(WHAT TO PRODUCE) Top to bottom, give the entries again exactly as written.
Segment Start: MATERIAL PROVIDED
lemma B3_affine_entries:
  shows "b_gen 1 3 = 1 - b_gen 1 1 - b_gen (1::3) 2"
    and "b_gen 2 3 = 1 - b_gen 2 1 - b_gen (2::3) 2"
    and "b_gen 3 1 = 1 - b_gen 1 1 - b_gen (2::3) 1"
    and "b_gen 3 2 = 1 - b_gen 1 2 - b_gen (2::3) 2"
    and "b_gen 3 3 = b_gen 1 1 + b_gen 1 2 + b_gen 2 1 + b_gen (2::3) 2 - 1"
proof -
  have rows: "b_gen i 1 + b_gen i 2 + b_gen i 3 = 1"
    and cols: "b_gen 1 i + b_gen 2 i + b_gen 3 i = 1" for i :: 3
    using b_gen_stochastic[of i] by (simp_all add: sum_3)
  show b13: "b_gen 1 3 = 1 - b_gen 1 1 - b_gen (1::3) 2"
    and b23: "b_gen 2 3 = 1 - b_gen 2 1 - b_gen (2::3) 2"
    and "b_gen 3 1 = 1 - b_gen 1 1 - b_gen (2::3) 1"
    and "b_gen 3 2 = 1 - b_gen 1 2 - b_gen (2::3) 2"
    using rows[of 1] rows[of 2] cols[of 1] cols[of 2] by (simp_all add: algebra_simps eq_diff_eq)
  have "b_gen 3 3 = 1 - b_gen 1 3 - b_gen (2::3) 3"
    using cols[of 3] by (simp add: algebra_simps eq_diff_eq)
  then show "b_gen 3 3 = b_gen 1 1 + b_gen 1 2 + b_gen 2 1 + b_gen (2::3) 2 - 1"
    by (simp add: b13 b23 algebra_simps)
qed

lemma B3_quadratic_relations:
  fixes x y z w :: "3 pol_B"
  defines "x \<equiv> b_gen 1 1" and "y \<equiv> b_gen 1 2" and "z \<equiv> b_gen 2 1" and "w \<equiv> b_gen 2 2"
  shows "y * y + y * y = y + y + w + w - w * w - w * w - y * w - w * y"
    and "z * z + z * z = z + z + w + w - w * w - w * w - z * w - w * z"
    and "x * y + x * y = x + y + z + w - 1 - z * w - z * w - x * w - z * y"
    and "x * z + x * z = x + y + z + w - 1 - y * w - y * w - x * w - y * z"
    and "y * x + y * x = x + y + z + w - 1 - w * z - w * z - y * z - w * x"
    and "z * x + z * x = x + y + z + w - 1 - w * y - w * y - z * y - w * x"
    and "x * x + x * x = x + x + y + y - y * y - y * y - x * y - y * x"
proof -
  have row: "(\<Sum>k\<in>UNIV. b_gen i k * b_gen j k) = (if i = j then 1 else 0)"
    and col: "(\<Sum>k\<in>UNIV. b_gen k i * b_gen k j) = (if i = j then 1 else 0)" for i j :: 3
    by (rule b_gen_orthogonal)+
  have eq_if_diff: "a = b" if "a - b = c - d" and "c = d" for a b c d :: "3 pol_B"
    using that by simp
  note expand = sum_3 B3_affine_entries x_def[symmetric] y_def[symmetric] z_def[symmetric] w_def[symmetric]
  show "y * y + y * y = y + y + w + w - w * w - w * w - y * w - w * y"
    by (rule eq_if_diff[OF _ col[of 2 2, unfolded expand]]) (simp add: algebra_simps)
  show "z * z + z * z = z + z + w + w - w * w - w * w - z * w - w * z"
    by (rule eq_if_diff[OF _ row[of 2 2, unfolded expand]]) (simp add: algebra_simps)
  show "x * y + x * y = x + y + z + w - 1 - z * w - z * w - x * w - z * y"
    by (rule eq_if_diff[OF _ col[of 1 2, unfolded expand]]) (simp add: algebra_simps)
  show "x * z + x * z = x + y + z + w - 1 - y * w - y * w - x * w - y * z"
    by (rule eq_if_diff[OF _ row[of 1 2, unfolded expand]]) (simp add: algebra_simps)
  show "y * x + y * x = x + y + z + w - 1 - w * z - w * z - y * z - w * x"
    by (rule eq_if_diff[OF _ col[of 2 1, unfolded expand]]) (simp add: algebra_simps)
  show "z * x + z * x = x + y + z + w - 1 - w * y - w * y - z * y - w * x"
    by (rule eq_if_diff[OF _ row[of 2 1, unfolded expand]]) (simp add: algebra_simps)
  show "x * x + x * x = x + x + y + y - y * y - y * y - x * y - y * x"
    by (rule eq_if_diff[OF _ row[of 1 1, unfolded expand]]) (simp add: algebra_simps)
qed

lemma B3_small_products_in_span:
  fixes x y z w :: "3 pol_B"
  defines "x \<equiv> b_gen 1 1" and "y \<equiv> b_gen 1 2" and "z \<equiv> b_gen 2 1" and "w \<equiv> b_gen 2 2"
  assumes a_in: "a \<in> {1, x, y, z, w}" and b_in: "b \<in> {1, x, y, z, w}"
  shows "a * b \<in> B_space.span (set (map (\<lambda>ws. abs_pol_B (monomial ws)) B3_basis))"
proof -
  have basis: "set (map (\<lambda>ws. abs_pol_B (monomial ws)) B3_basis) =
      {1, x, y, z, w, x * w, y * z, y * w, z * y, z * w, w * x, w * y, w * z, w * w}"
    by (simp add: B3_basis_def abs_pol_B_monomial x_def y_def z_def w_def)
  let ?V = "B_space.span {1, x, y, z, w, x * w, y * z, y * w, z * y, z * w, w * x, w * y, w * z, w * w}"
  have "1 \<in> ?V" "x \<in> ?V" "y \<in> ?V" "z \<in> ?V" "w \<in> ?V" "x * w \<in> ?V" "y * z \<in> ?V"
    "y * w \<in> ?V" "z * y \<in> ?V" "z * w \<in> ?V" "w * x \<in> ?V" "w * y \<in> ?V" "w * z \<in> ?V" "w * w \<in> ?V"
    by (simp_all add: B_space.span_base)
  note in_V = this B_space.span_add B_space.span_diff
  note relations = B3_quadratic_relations[folded x_def y_def z_def w_def]
  have "y * y \<in> ?V" "z * z \<in> ?V" "x * y \<in> ?V" "x * z \<in> ?V" "y * x \<in> ?V" "z * x \<in> ?V"
    by (rule B_space_span_of_double; simp add: relations in_V)+
  note in_V = in_V this
  have "x * x \<in> ?V"
    by (rule B_space_span_of_double) (simp add: relations in_V)
  with in_V a_in b_in show ?thesis
    unfolding basis by auto
qed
Segment End: MATERIAL PROVIDED
(FINISHED TASK)
lemma B3_affine_entries:
  shows "b_gen 1 3 = 1 - b_gen 1 1 - b_gen (1::3) 2"
    and "b_gen 2 3 = 1 - b_gen 2 1 - b_gen (2::3) 2"
    and "b_gen 3 1 = 1 - b_gen 1 1 - b_gen (2::3) 1"
    and "b_gen 3 2 = 1 - b_gen 1 2 - b_gen (2::3) 2"
    and "b_gen 3 3 = b_gen 1 1 + b_gen 1 2 + b_gen 2 1 + b_gen (2::3) 2 - 1"
proof -
  have rows: "b_gen i 1 + b_gen i 2 + b_gen i 3 = 1"
    and cols: "b_gen 1 i + b_gen 2 i + b_gen 3 i = 1" for i :: 3
    using b_gen_stochastic[of i] by (simp_all add: sum_3)
  show b13: "b_gen 1 3 = 1 - b_gen 1 1 - b_gen (1::3) 2"
    and b23: "b_gen 2 3 = 1 - b_gen 2 1 - b_gen (2::3) 2"
    and "b_gen 3 1 = 1 - b_gen 1 1 - b_gen (2::3) 1"
    and "b_gen 3 2 = 1 - b_gen 1 2 - b_gen (2::3) 2"
    using rows[of 1] rows[of 2] cols[of 1] cols[of 2] by (simp_all add: algebra_simps eq_diff_eq)
  have "b_gen 3 3 = 1 - b_gen 1 3 - b_gen (2::3) 3"
    using cols[of 3] by (simp add: algebra_simps eq_diff_eq)
  then show "b_gen 3 3 = b_gen 1 1 + b_gen 1 2 + b_gen 2 1 + b_gen (2::3) 2 - 1"
    by (simp add: b13 b23 algebra_simps)
qed

lemma B3_quadratic_relations:
  fixes x y z w :: "3 pol_B"
  defines "x \<equiv> b_gen 1 1" and "y \<equiv> b_gen 1 2" and "z \<equiv> b_gen 2 1" and "w \<equiv> b_gen 2 2"
  shows "y * y + y * y = y + y + w + w - w * w - w * w - y * w - w * y"
    and "z * z + z * z = z + z + w + w - w * w - w * w - z * w - w * z"
    and "x * y + x * y = x + y + z + w - 1 - z * w - z * w - x * w - z * y"
    and "x * z + x * z = x + y + z + w - 1 - y * w - y * w - x * w - y * z"
    and "y * x + y * x = x + y + z + w - 1 - w * z - w * z - y * z - w * x"
    and "z * x + z * x = x + y + z + w - 1 - w * y - w * y - z * y - w * x"
    and "x * x + x * x = x + x + y + y - y * y - y * y - x * y - y * x"
proof -
  have row: "(\<Sum>k\<in>UNIV. b_gen i k * b_gen j k) = (if i = j then 1 else 0)"
    and col: "(\<Sum>k\<in>UNIV. b_gen k i * b_gen k j) = (if i = j then 1 else 0)" for i j :: 3
    by (rule b_gen_orthogonal)+
  have eq_if_diff: "a = b" if "a - b = c - d" and "c = d" for a b c d :: "3 pol_B"
    using that by simp
  note expand = sum_3 B3_affine_entries x_def[symmetric] y_def[symmetric] z_def[symmetric] w_def[symmetric]
  show "y * y + y * y = y + y + w + w - w * w - w * w - y * w - w * y"
    by (rule eq_if_diff[OF _ col[of 2 2, unfolded expand]]) (simp add: algebra_simps)
  show "z * z + z * z = z + z + w + w - w * w - w * w - z * w - w * z"
    by (rule eq_if_diff[OF _ row[of 2 2, unfolded expand]]) (simp add: algebra_simps)
  show "x * y + x * y = x + y + z + w - 1 - z * w - z * w - x * w - z * y"
    by (rule eq_if_diff[OF _ col[of 1 2, unfolded expand]]) (simp add: algebra_simps)
  show "x * z + x * z = x + y + z + w - 1 - y * w - y * w - x * w - y * z"
    by (rule eq_if_diff[OF _ row[of 1 2, unfolded expand]]) (simp add: algebra_simps)
  show "y * x + y * x = x + y + z + w - 1 - w * z - w * z - y * z - w * x"
    by (rule eq_if_diff[OF _ col[of 2 1, unfolded expand]]) (simp add: algebra_simps)
  show "z * x + z * x = x + y + z + w - 1 - w * y - w * y - z * y - w * x"
    by (rule eq_if_diff[OF _ row[of 2 1, unfolded expand]]) (simp add: algebra_simps)
  show "x * x + x * x = x + x + y + y - y * y - y * y - x * y - y * x"
    by (rule eq_if_diff[OF _ row[of 1 1, unfolded expand]]) (simp add: algebra_simps)
qed

lemma B3_small_products_in_span:
  fixes x y z w :: "3 pol_B"
  defines "x \<equiv> b_gen 1 1" and "y \<equiv> b_gen 1 2" and "z \<equiv> b_gen 2 1" and "w \<equiv> b_gen 2 2"
  assumes a_in: "a \<in> {1, x, y, z, w}" and b_in: "b \<in> {1, x, y, z, w}"
  shows "a * b \<in> B_space.span (set (map (\<lambda>ws. abs_pol_B (monomial ws)) B3_basis))"
proof -
  have basis: "set (map (\<lambda>ws. abs_pol_B (monomial ws)) B3_basis) =
      {1, x, y, z, w, x * w, y * z, y * w, z * y, z * w, w * x, w * y, w * z, w * w}"
    by (simp add: B3_basis_def abs_pol_B_monomial x_def y_def z_def w_def)
  let ?V = "B_space.span {1, x, y, z, w, x * w, y * z, y * w, z * y, z * w, w * x, w * y, w * z, w * w}"
  have "1 \<in> ?V" "x \<in> ?V" "y \<in> ?V" "z \<in> ?V" "w \<in> ?V" "x * w \<in> ?V" "y * z \<in> ?V"
    "y * w \<in> ?V" "z * y \<in> ?V" "z * w \<in> ?V" "w * x \<in> ?V" "w * y \<in> ?V" "w * z \<in> ?V" "w * w \<in> ?V"
    by (simp_all add: B_space.span_base)
  note in_V = this B_space.span_add B_space.span_diff
  note relations = B3_quadratic_relations[folded x_def y_def z_def w_def]
  have "y * y \<in> ?V" "z * z \<in> ?V" "x * y \<in> ?V" "x * z \<in> ?V" "y * x \<in> ?V" "z * x \<in> ?V"
    by (rule B_space_span_of_double; simp add: relations in_V)+
  note in_V = in_V this
  have "x * x \<in> ?V"
    by (rule B_space_span_of_double) (simp add: relations in_V)
  with in_V a_in b_in show ?thesis
    unfolding basis by auto
qed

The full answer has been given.